Exkursion der Physik-LKs an das Forschungs- und Technologie Zentrum für Detektorphysik Bonn
- Aktueller Elternbrief
- 04/07/25

Exkursion der Physik-LKs an das Forschungs- und Technologie Zentrum für Detektorphysik Bonn
Wir standen in einer frierenden Substanz aus Luft und Kälte vor dem Helmholz-Institut in Bonn. Dies war aber nicht unser primäres Ziel. Als ein paar Minuten nach der eigentlichen Treffzeit noch nicht alle da waren, sind wir in einer Gruppe schon mal vorgegangen durch das Gebäude, über einen Parkplatz und zu dem 2022 errichteten Forschungs- und Technologiezentrum für Detektorphysik oder auch FTD.
Was wir hier suchten an diesem brandneuen, nach frischer Anstrichfarbe und noch vor sich hin festigenden Beton riechenden Gebäude? Weil wir der Physik
Leistungskurs waren, wurde uns die LHCb Masterclass zugetraut. LHCb bedeutet Large- Hadron-Colider-beauty. Warum auch immer das beauty. Wahrscheinlich weil Physik einfach schön ist. Natürlich wurden wir lange vor der Exkursion über den Ausflug informiert und waren perfekt vorbereitet. Im Unterricht wurde uns, wie immer, erklärt, dass alles, was wir denken zu wissen und über die Teilchenwelt annehmen, eigentlich falsch ist und einem komplett anderen Modell folgt. Und dieses Modell, was unsere wahrnehmbare und verständliche Welt zu erklären versucht, ist in sich selbst so
undurchsichtig, unverständlich und komplex, dass es nicht mal die Forscher voll und ganz verstehen. „Würden wir es verstehen, würden wir nicht daran forschen“ sagte ein Referent und wandte sich schmunzelnd der Projektion von Daten des LHC in CERN zu.
Uns wurde zu Beginn das „neue“ Teilchenmodell mit den Quarks, Up-, Down-, Bottom-, Top-, Charm- und den Strange-Quarks erklärt. Die nennt man „Flavour“, also
Geschmack. Kombiniert man sie, erhält man die sogenannten Hadronen. Neutronen und Protonen sind auch solche Hadronen, bestehen aus Up- und Down-Quarks. Up- Quarks haben eine positive Ladung von +2/3 Elementarladungen. Down-Quarks eine negative Ladung von -1/3.

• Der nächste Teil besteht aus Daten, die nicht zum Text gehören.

(* Let $\mu$ be a probability measure on $\mathbb{C}$ with $\int|z|^n\,d\mu<\infty$ for all $n$, and let $\Phi_n$ be its monic orthogonal polynomials. Suppose $z_0$ is a pure point of $\mu$ and $\delta=\mathrm{dist}\bigl(z_0,\mathrm{cvh}(\mathrm{supp}(\mu)\setminus\{z_0\})\bigr)>0$. Then each $\Phi_n$ has at most one zero in $\{z:|z-z_0|<\delta/2\}$.
   Context: $\Phi_n$ is the monic polynomial of degree $n$ orthogonal in $L^2(\mathbb{C},d\mu)$ to all polynomials of degree less than $n$ (defined whenever $\mathrm{supp}\,\mu$ has at least $n$ points). $\mathrm{cvh}$ denotes convex hull. *)

theory Defs
  imports "HOL-Probability.Probability" "HOL-Computational_Algebra.Polynomial"
begin

definition msupp :: "complex measure \<Rightarrow> complex set" where
  "msupp \<mu> = {z. \<forall>e>0. emeasure \<mu> (ball z e) > 0}"

definition poly_inner :: "complex measure \<Rightarrow> complex poly \<Rightarrow> complex poly \<Rightarrow> complex" where
  "poly_inner \<mu> f g = (\<integral>z. poly f z * cnj (poly g z) \<partial>\<mu>)"

definition is_monic_OP :: "complex measure \<Rightarrow> nat \<Rightarrow> complex poly \<Rightarrow> bool" where
  "is_monic_OP \<mu> n p \<longleftrightarrow> degree p = n \<and> lead_coeff p = 1 \<and>
     (\<forall>q. degree q < n \<longrightarrow> poly_inner \<mu> p q = 0)"

text \<open>Phi_n: the (unique, when supp mu has at least n points) monic orthogonal polynomial.\<close>
definition Phi :: "complex measure \<Rightarrow> nat \<Rightarrow> complex poly" where
  "Phi \<mu> n = (THE p. is_monic_OP \<mu> n p)"

end

theory Submission
  imports Defs
begin

(*
  If Phi_n had two zeros z1, z2 (counted with multiplicity) in the disc |z - z0| < delta/2,
  write Phi_n = (z - z1) (z - z2) q.  The polynomial (z - z0) q has degree n - 1, so it is
  orthogonal to Phi_n, i.e. the integral of (z - z1) (z - z2) conj (z - z0) |q|^2 vanishes.
  Let v be the unit vector from z0 towards the point of cvh(supp mu - {z0}) nearest to z0;
  then supp mu - {z0} lies in the half-plane Re ((z - z0) conj v) >= delta.  On that
  half-plane Re ((z - z1) (z - z2) conj (z - z0) conj v) > 0, because z1 and z2 are within
  delta/2 of z0.  So the real part of the rotated integrand is nonnegative on supp mu and
  its integral is zero; hence (z - z0) q vanishes on supp mu, which a nonzero polynomial of
  degree less than n cannot do when supp mu has at least n points.
*)

lemma norm_inverse_diff_le_if_Re_ge:
  fixes w :: complex and d :: real
  assumes "d > 0" "Re w \<ge> d"
  shows "cmod (1 / w - 1 / (2 * d)) \<le> 1 / (2 * d)"
proof -
  have w0: "w \<noteq> 0" using assms by auto
  have "d * d \<le> d * Re w" using assms by (intro mult_left_mono) auto
  then have "(cmod (2 * d - w))\<^sup>2 \<le> (cmod w)\<^sup>2"
    unfolding cmod_power2 by (simp add: power2_eq_square algebra_simps)
  then have "cmod (2 * d - w) \<le> cmod w" by (rule power2_le_imp_le) simp
  moreover have "1 / w - 1 / (2 * d) = (2 * d - w) / (2 * d * w)"
    using w0 assms(1) by (simp add: field_simps)
  ultimately show ?thesis
    using w0 assms(1) by (simp add: norm_divide norm_mult divide_simps)
qed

Somit besteht ein Proton, welches eine positive Ladung von 1 hat also aus 2 Up- und einem Down-Quark. Ein Neutron besteht aus 2 Down-Quarks und einem Up-Quark und hat somit eine gesamte Ladung von 0.
Aber das wäre ja zu einfach, wenn es nur die up, down, Charme, strange, bottom und top Quarks gäbe. Tja,… so ist es auch nicht. Die ganzen Teilchen gibt es noch in sowas wie einer Spiegelart. In Anti. Wir wissen, dass das Universum aus Materie und Antimaterie besteht. Und aus noch was, wo wir aber gar keinen Plan haben, was es ist. Wenn nun ein Stück Antimaterie mit Antimasse auf ein Stück Materie mit Masse trifft, löschen sich die Massen sozusagen aus und setzten pure Energie frei. Kann man sich darunter was vorstellen…? Nein absolut nicht. „Man muss es sich nicht vorstellen können. Die Mathematik zeigt es uns.“ Sagt der arbeitsgruppenleitende Professor.
Damit wir in dieser ganzen Diffusion von Informationen und dem Nebel an Verwirrung auch irgendwas Handfestes haben, bekommen wir kleine 3D-gedruckte Quarks. Die kann man jetzt so zusammensetzten, dass immer 3 eine Kugel ergeben. Über einen QR- Code kann man dann die Bestandteile eingeben und es wird die Bezeichnung für das Hadron ausgegeben. Nette Idee. Bisschen zu nett, denn als es weiter geht, hören die
meisten nicht mehr zu und sind noch mit den kleinen Plastikspielereien beschäftigt. Und wenn man die Plastikteile einfach ignoriert und die 4-Quarks, ja vier, da bottom und top zu schwer und instabil sind in jeglicher Position aufschreibt, komm man auch auf alle möglichen Kombinationen. Das war noch nicht alles, denn jetzt kombiniert man noch ein Antiquark mit einem Quark und erhält noch mehr Teilchen.
Ich merke gerade, dass es sich herrlich viel um Teilchen drehte.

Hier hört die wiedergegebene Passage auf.